不同长径比煤样动力学特征及本构模型

为研究冲击荷载下不同长径比煤样的动力学性能，借助改进的霍普金森压杆实验装置(?75 mm),开展6个冲击等级(4.18～8.03 m/s)、4种长径比(0.33～1.33)下的冲击压缩实验，并结合灰色关联理论分析动力学参数与长径比之间的关联性，建立基于力学机制、Weibull分布、D-P准则的4参数单轴煤岩强度型统计损伤模型。研究表明：(1)煤样长径比与应变率、动抗压强度、耗散能均呈二次函数关系，且耗散能随长径比增加而降低；与电磁能呈一次函数关系，且保持正相关。(2)煤样长径比对动力学参数的影响排序为：电磁能(0.88)>动抗压强度(0.84)>耗散能(0.81)>应变率(0.78)。(3)基于Weibull分布、D-P准则构建初始本构模型，并借助动抗压强度σ_max与应变率、长径比n的关系修正，进而对比实验应力-应变曲线，验证模型可靠性(R²>0.91)。

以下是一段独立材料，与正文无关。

(* Let $w=e_{a_1}\cdots e_{a_N}$ with $a_1,\dots,a_N\in\{0,1\}$, $N\ge0$, and put $\overleftarrow{w}=e_{a_N}\cdots e_{a_1}$. Then in $\mathfrak H[[s,t]]$, \begin{align*} &\sum_{v=0}^{N}(-1)^v\,(1+e_0t)^{-1}e_1e_{a_1}\cdots e_{a_v}\ ш\ (1-e_0s)^{-1}e_1e_{a_N}\cdots e_{a_{v+1}}\\ &=(1+e_0t)^{-1}\ ш\ \bigl((1-e_0s)^{-1}e_1\overleftarrow{w}e_1(1-e_0t)^{-1}\bigr)+(-1)^N(1-e_0s)^{-1}\ ш\ \bigl((1+e_0t)^{-1}e_1we_1(1+e_0s)^{-1}\bigr). \end{align*}
   Context: $\mathfrak H=\mathbb Q\langle e_0,e_1\rangle$ (noncommutative polynomials); $s,t$ commuting indeterminates; $(1\pm e_0t)^{-1}=\sum_{m\ge0}(\mp t)^me_0^m$ etc. in $\mathfrak H[[s,t]]$. The shuffle product $ш$ on $\mathfrak H$ is the $\mathbb Q$-bilinear product with $1ш w=wш1=w$ and $we_iш w'e_j=(we_iш w')e_j+(wш w'e_j)e_i$ ($w,w'\in\mathfrak H$, $i,j\in\{0,1\}$), extended bilinearly and coefficientwise to $\mathfrak H[[s,t]]$. For $v=N$ the word $e_{a_N}\cdots e_{a_{v+1}}$ is empty, and for $v=0$ the word $e_{a_1}\cdots e_{a_v}$ is empty. *)

theory Defs
  imports Complex_Main
begin

text \<open>Words in the letters e_0, e_1 are lists of naturals (letter i stands for e_i).
  Elements of Q<e0,e1> are represented by their coefficient functions word => rat.
  Elements of H[[s,t]] are represented by coefficient functions
  F :: nat => nat => (word => rat), where F m n is the coefficient of s^m t^n.\<close>

type_synonym word = "nat list"
type_synonym hpol = "word \<Rightarrow> rat"
type_synonym hser = "nat \<Rightarrow> nat \<Rightarrow> hpol"

definition wd :: "word \<Rightarrow> hpol" where
  "wd u = (\<lambda>x. if x = u then 1 else 0)"

text \<open>Shuffle of words, by the recursion on last letters
  (u e_i) sh (v e_j) = ((u e_i) sh v) e_j + (u sh (v e_j)) e_i,
  written here on reversed words (head = last letter).\<close>
fun shr :: "word \<Rightarrow> word \<Rightarrow> hpol" where
  "shr [] v = wd v"
| "shr (i # u) [] = wd (i # u)"
| "shr (i # u) (j # v) =
     (\<lambda>w. case w of [] \<Rightarrow> 0
        | c # w' \<Rightarrow> (if c = j then shr (i # u) v w' else 0)
                  + (if c = i then shr u (j # v) w' else 0))"

definition shw :: "word \<Rightarrow> word \<Rightarrow> hpol" where
  "shw u v = (\<lambda>w. shr (rev u) (rev v) (rev w))"

text \<open>Bilinear extension of shuffle (only subwords of w can contribute to the
  coefficient of w, so the sum is finite).\<close>
definition shH :: "hpol \<Rightarrow> hpol \<Rightarrow> hpol" where
  "shH f g = (\<lambda>w. \<Sum>u\<in>set (subseqs w). \<Sum>v\<in>set (subseqs w). f u * g v * shw u v w)"

definition mulH :: "hpol \<Rightarrow> hpol \<Rightarrow> hpol" where
  "mulH f g = (\<lambda>w. \<Sum>i\<le>length w. f (take i w) * g (drop i w))"

definition mulS :: "hser \<Rightarrow> hser \<Rightarrow> hser" where
  "mulS F G = (\<lambda>m n w. \<Sum>i\<le>m. \<Sum>j\<le>n. mulH (F i j) (G (m - i) (n - j)) w)"

definition shS :: "hser \<Rightarrow> hser \<Rightarrow> hser" where
  "shS F G = (\<lambda>m n w. \<Sum>i\<le>m. \<Sum>j\<le>n. shH (F i j) (G (m - i) (n - j)) w)"

definition cstS :: "hpol \<Rightarrow> hser" where
  "cstS f = (\<lambda>m n. if m = 0 \<and> n = 0 then f else (\<lambda>_. 0))"

text \<open>(1 - c e_0 s)^{-1} = sum_m c^m s^m e_0^m  and  (1 - c e_0 t)^{-1} = sum_n c^n t^n e_0^n.\<close>
definition geoS :: "rat \<Rightarrow> hser" where
  "geoS c = (\<lambda>m n w. if n = 0 \<and> w = replicate m 0 then c ^ m else 0)"

definition geoT :: "rat \<Rightarrow> hser" where
  "geoT c = (\<lambda>m n w. if m = 0 \<and> w = replicate n 0 then c ^ n else 0)"

end

theory Submission
  imports Defs "HOL-Library.Sublist"
begin

text \<open>For a letter \<open>c\<close> let \<open>\<partial>\<^sub>c\<close> map a series to its coefficients at the words ending in
  \<open>e\<^sub>c\<close>, with that last letter removed. It is a derivation of the shuffle product, and a series is
  determined by its coefficient at the empty word together with all \<open>\<partial>\<^sub>c\<close> of it. Both sides vanish
  at the empty word. Writing the \<open>v\<close>-th summand on the left as the shuffle of \<open>P\<^sub>v\<close> and \<open>Q\<^sub>v\<close>,
  the shuffle of \<open>\<partial>\<^sub>c P\<^sub>v\<^sub>+\<^sub>1\<close> and \<open>Q\<^sub>v\<^sub>+\<^sub>1\<close> equals that of \<open>P\<^sub>v\<close> and \<open>\<partial>\<^sub>c Q\<^sub>v\<close>, so the
  derivative of the alternating sum telescopes to two boundary terms, which are nonzero only for
  \<open>c = 1\<close>. On the right, \<open>\<partial>\<^sub>0\<close> multiplies \<open>(1 + e\<^sub>0t)\<^sup>-\<^sup>1\<close> by \<open>-t\<close> and \<open>X e\<^sub>1 (1 - e\<^sub>0t)\<^sup>-\<^sup>1\<close>
  by \<open>t\<close>, so the two contributions cancel, while \<open>\<partial>\<^sub>1\<close> strips the final \<open>e\<^sub>1\<close> and produces the
  same boundary terms.\<close>

section \<open>Shuffle of words\<close>

lemma shr_Nil_right: "shr u [] = wd u"
  by (cases u) auto

lemma shr_Nil_word: "shr u v [] = (if u = [] \<and> v = [] then 1 else 0)"
  by (cases u; cases v) (auto simp: wd_def)

lemma shr_Cons_word: "shr u v (c # w) =
   (case u of [] \<Rightarrow> 0 | i # u' \<Rightarrow> if i = c then shr u' v w else 0) +
   (case v of [] \<Rightarrow> 0 | j # v' \<Rightarrow> if j = c then shr u v' w else 0)"
  by (cases u; cases v) (auto simp: wd_def shr_Nil_right)

lemma shr_commute: "shr u v w = shr v u w"
proof (induction w arbitrary: u v)
  case Nil
  then show ?case by (simp add: shr_Nil_word conj_commute)
next
  case (Cons c w)
  then show ?case
    unfolding shr_Cons_word by (cases u; cases v) (auto simp: shr_Nil_right)
qed

lemma shw_commute: "shw u v w = shw v u w"
  by (simp add: shw_def shr_commute)

lemma shw_Nil: "shw u v [] = (if u = [] \<and> v = [] then 1 else 0)"
  by (simp add: shw_def shr_Nil_word)

lemma shw_snoc: "shw u v (w @ [c]) =
   (if u \<noteq> [] \<and> last u = c then shw (butlast u) v w else 0) +
   (if v \<noteq> [] \<and> last v = c then shw u (butlast v) w else 0)"
  unfolding shw_def rev_append shr_Cons_word
  by (cases u rule: rev_cases; cases v rule: rev_cases) (auto simp: shw_def wd_def shr_Nil_right)

lemma shw_nonzero_subseq:
  assumes "shw u v w \<noteq> 0"
  shows "subseq u w \<and> subseq v w"
  using assms
proof (induction w arbitrary: u v rule: rev_induct)
  case Nil
  then show ?case by (auto simp: shw_Nil split: if_splits)
next
  case (snoc c w)
  have "(u \<noteq> [] \<and> last u = c \<and> shw (butlast u) v w \<noteq> 0) \<or>
        (v \<noteq> [] \<and> last v = c \<and> shw u (butlast v) w \<noteq> 0)"
    using snoc.prems unfolding shw_snoc
    by (cases "u \<noteq> [] \<and> last u = c"; cases "v \<noteq> [] \<and> last v = c") auto
  then consider
      u' where "u = u' @ [c]" "shw u' v w \<noteq> 0"
    | v' where "v = v' @ [c]" "shw u v' w \<noteq> 0"
    by (metis append_butlast_last_id)
  then show ?case
  proof cases
    case (1 u')
    with snoc.IH[of u' v] show ?thesis by auto
  next
    case (2 v')
    with snoc.IH[of u v'] show ?thesis by auto
  qed
qed

lemma shH_eq_sum_over:
  assumes "finite U" "finite V" and supp: "\<And>u v. shw u v w \<noteq> 0 \<Longrightarrow> u \<in> U \<and> v \<in> V"
  shows "shH f g w = (\<Sum>u\<in>U. \<Sum>v\<in>V. f u * g v * shw u v w)"
proof -
  let ?S = "set (subseqs w)" and ?h = "\<lambda>(u, v). f u * g v * shw u v w"
  have "shH f g w = sum ?h (?S \<times> ?S)"
    unfolding shH_def sum.cartesian_product ..
  also have "\<dots> = sum ?h ((?S \<times> ?S) \<inter> (U \<times> V))"
    by (rule sum.mono_neutral_right) (auto dest: supp)
  also have "\<dots> = sum ?h (U \<times> V)"
    by (rule sum.mono_neutral_left) (use assms shw_nonzero_subseq in auto)
  finally show ?thesis
    unfolding sum.cartesian_product .
qed

lemma sum_subseqs_snoc:
  "(\<Sum>u\<in>set (subseqs (w @ [c])). if u \<noteq> [] \<and> last u = c then h u else 0) =
   (\<Sum>x\<in>set (subseqs w). h (x @ [c]))"
proof -
  have "{u \<in> set (subseqs (w @ [c])). u \<noteq> [] \<and> last u = c} = (\<lambda>x. x @ [c]) ` set (subseqs w)"
  proof (intro equalityI subsetI)
    fix u
    assume u: "u \<in> {u \<in> set (subseqs (w @ [c])). u \<noteq> [] \<and> last u = c}"
    then obtain x where "u = x @ [c]"
      by (metis (mono_tags, lifting) append_butlast_last_id mem_Collect_eq)
    with u show "u \<in> (\<lambda>x. x @ [c]) ` set (subseqs w)"
      by auto
  qed auto
  then show ?thesis
    by (simp add: sum.inter_filter[symmetric] sum.reindex inj_on_def)
qed

lemma shH_commute: "shH f g w = shH g f w"
  unfolding shH_def by (subst sum.swap) (simp add: shw_commute mult_ac)

lemma shH_Nil: "shH f g [] = f [] * g []"
  by (simp add: shH_def shw_Nil)

lemma sum_shw_snoc_left:
  fixes f g :: hpol and w :: word and c :: nat
  defines "T \<equiv> set (subseqs (w @ [c]))"
  shows "(\<Sum>u\<in>T. \<Sum>v\<in>T. f u * g v * (if u \<noteq> [] \<and> last u = c then shw (butlast u) v w else 0))
       = shH (\<lambda>u. f (u @ [c])) g w"
proof -
  have "(\<Sum>u\<in>T. \<Sum>v\<in>T. f u * g v * (if u \<noteq> [] \<and> last u = c then shw (butlast u) v w else 0))
      = (\<Sum>u\<in>T. if u \<noteq> [] \<and> last u = c then \<Sum>v\<in>T. f u * g v * shw (butlast u) v w else 0)"
    by (rule sum.cong) auto
  also have "\<dots> = (\<Sum>x\<in>set (subseqs w). \<Sum>v\<in>T. f (x @ [c]) * g v * shw x v w)"
    unfolding T_def by (subst sum_subseqs_snoc) simp
  also have "\<dots> = shH (\<lambda>u. f (u @ [c])) g w"
    by (rule shH_eq_sum_over[symmetric]) (auto simp: T_def dest: shw_nonzero_subseq)
  finally show ?thesis .
qed

lemma shH_snoc: "shH f g (w @ [c]) = shH (\<lambda>u. f (u @ [c])) g w + shH f (\<lambda>v. g (v @ [c])) w"
proof -
  let ?T = "set (subseqs (w @ [c]))"
  have split: "shH f g (w @ [c]) =
      (\<Sum>u\<in>?T. \<Sum>v\<in>?T. f u * g v * (if u \<noteq> [] \<and> last u = c then shw (butlast u) v w else 0)) +
      (\<Sum>u\<in>?T. \<Sum>v\<in>?T. f u * g v * (if v \<noteq> [] \<and> last v = c then shw u (butlast v) w else 0))"
    unfolding shH_def shw_snoc by (simp add: distrib_left sum.distrib)
  have swap: "(\<Sum>u\<in>?T. \<Sum>v\<in>?T. f u * g v * (if v \<noteq> [] \<and> last v = c then shw u (butlast v) w else 0))
      = (\<Sum>v\<in>?T. \<Sum>u\<in>?T. g v * f u * (if v \<noteq> [] \<and> last v = c then shw (butlast v) u w else 0))"
    by (subst sum.swap) (intro sum.cong refl, simp add: shw_commute[of _ "butlast _"])
  show ?thesis
    unfolding split swap sum_shw_snoc_left shH_commute[of "\<lambda>v. g (v @ [c])"] ..
qed

section \<open>Shuffle of series and the right derivation\<close>

definition right_deriv :: "nat \<Rightarrow> hser \<Rightarrow> hser" where
  "right_deriv c F = (\<lambda>m n w. F m n (w @ [c]))"

definition mult_t :: "rat \<Rightarrow> hser \<Rightarrow> hser" where
  "mult_t k F = (\<lambda>m n w. if n = 0 then 0 else k * F m (n - 1) w)"

definition mult_s :: "rat \<Rightarrow> hser \<Rightarrow> hser" where
  "mult_s k F = (\<lambda>m n w. if m = 0 then 0 else k * F (m - 1) n w)"

definition zeroS :: hser where
  "zeroS = (\<lambda>_ _ _. 0)"

lemma shS_snoc:
  "shS F G m n (w @ [c]) = shS (right_deriv c F) G m n w + shS F (right_deriv c G) m n w"
  unfolding shS_def right_deriv_def by (simp add: shH_snoc sum.distrib)

lemma shS_Nil: "shS F G m n [] = (\<Sum>i\<le>m. \<Sum>j\<le>n. F i j [] * G (m - i) (n - j) [])"
  unfolding shS_def by (simp add: shH_Nil)

lemma shS_commute: "shS F G = shS G F"
proof (intro ext)
  fix m n w
  have reflect: "(\<Sum>i\<le>k. h i) = (\<Sum>i\<le>k. h (k - i))" for k and h :: "nat \<Rightarrow> rat"
    using sum.atLeastAtMost_rev[of h 0 k] by (simp add: atLeast0AtMost)
  have "shS F G m n w = (\<Sum>i\<le>m. \<Sum>j\<le>n. shH (F (m - i) (n - j)) (G i j) w)"
    unfolding shS_def by (subst reflect, rule sum.cong[OF refl], subst reflect) simp
  also have "\<dots> = shS G F m n w"
    unfolding shS_def by (simp add: shH_commute)
  finally show "shS F G m n w = shS G F m n w" .
qed

lemma zeroS_apply [simp]: "zeroS m n w = 0"
  by (simp add: zeroS_def)

lemma shS_zeroS_left [simp]: "shS zeroS G = zeroS"
  by (simp add: shS_def zeroS_def shH_def)

lemma shS_zeroS_right [simp]: "shS F zeroS = zeroS"
  by (simp add: shS_def zeroS_def shH_def)

lemma shH_scale_left: "shH (\<lambda>u. k * f u) g w = k * shH f g w"
  by (simp add: shH_def sum_distrib_left mult_ac)

lemma shS_mult_t_left: "shS (mult_t k F) G = mult_t k (shS F G)"
proof (intro ext)
  fix m n w
  show "shS (mult_t k F) G m n w = mult_t k (shS F G) m n w"
  proof (cases n)
    case 0
    then show ?thesis by (simp add: shS_def mult_t_def shH_def)
  next
    case (Suc n')
    have "shS (mult_t k F) G m n w = (\<Sum>i\<le>m. \<Sum>j\<le>n'. shH (\<lambda>x. k * F i j x) (G (m - i) (n' - j)) w)"
      unfolding shS_def mult_t_def Suc
      by (rule sum.cong[OF refl]) (simp add: sum.atMost_Suc_shift shH_def del: sum.atMost_Suc)
    also have "\<dots> = mult_t k (shS F G) m n w"
      unfolding shS_def mult_t_def Suc by (simp add: shH_scale_left sum_distrib_left)
    finally show ?thesis .
  qed
qed

lemma shS_mult_s_left: "shS (mult_s k F) G = mult_s k (shS F G)"
proof (intro ext)
  fix m n w
  show "shS (mult_s k F) G m n w = mult_s k (shS F G) m n w"
  proof (cases m)
    case 0
    then show ?thesis by (simp add: shS_def mult_s_def shH_def)
  next
    case (Suc m')
    have "shS (mult_s k F) G m n w = (\<Sum>i\<le>m'. \<Sum>j\<le>n. shH (\<lambda>x. k * F i j x) (G (m' - i) (n - j)) w)"
      unfolding shS_def mult_s_def Suc
      by (simp add: sum.atMost_Suc_shift shH_def del: sum.atMost_Suc)
    also have "\<dots> = mult_s k (shS F G) m n w"
      unfolding shS_def mult_s_def Suc by (simp add: shH_scale_left sum_distrib_left)
    finally show ?thesis .
  qed
qed

lemma shS_mult_t_right: "shS F (mult_t k G) = mult_t k (shS F G)"
  by (metis shS_commute shS_mult_t_left)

Dynamic characteristics and constitutive model of coal samples with different length diameter ratio

In order to study the dynamic performance of coal samples with different length diameter ratio under impact load, this paper used an improved Hopkinson compression bar experimental device (?75 mm), and carried out the impact compression experiments under 6 impact grades (4.18~8.03 m/s)and 4 aspect ratios(0.33~1.33).It analyzed the correlation between the dynamic parameters and the aspect ratio in combination with the gray correlation theory, and this study then established a 4-parameter uniaxial strength type statistical damage model of coal and rock based on the mechanical mechanism, Weibull distribution and D-P failure criterion.Results show that: ① The length diameter ratio of coal samples has a quadratic function relationship with the strain rate and dynamic compressive strength; The relationship between the dissipation energy and the aspect ratio is a quadratic function, and the dissipation energy decreases with the increase of the aspect ratio; The relationship between the electromagnetic energy and the aspect ratio is a linear function and keeps a positive correlation. ② According to the grey correlation theory, this study obtained the influence order of length diameter ratio of coal sample on dynamic parameters: electromagnetic energy(0.88)>dynamic compressive strength(0.84)>dissipation energy(0.81)>strain rate(0.78).③ The initial constitutive model is constructed based on Weibull distribution and D-P criterion, and the dynamic compressive strength σ_max and strain rate、the relationship between length to diameter ratio n was corrected, and then the experimental stress-strain curves were compared to verify the reliability of the model(R2>0.91).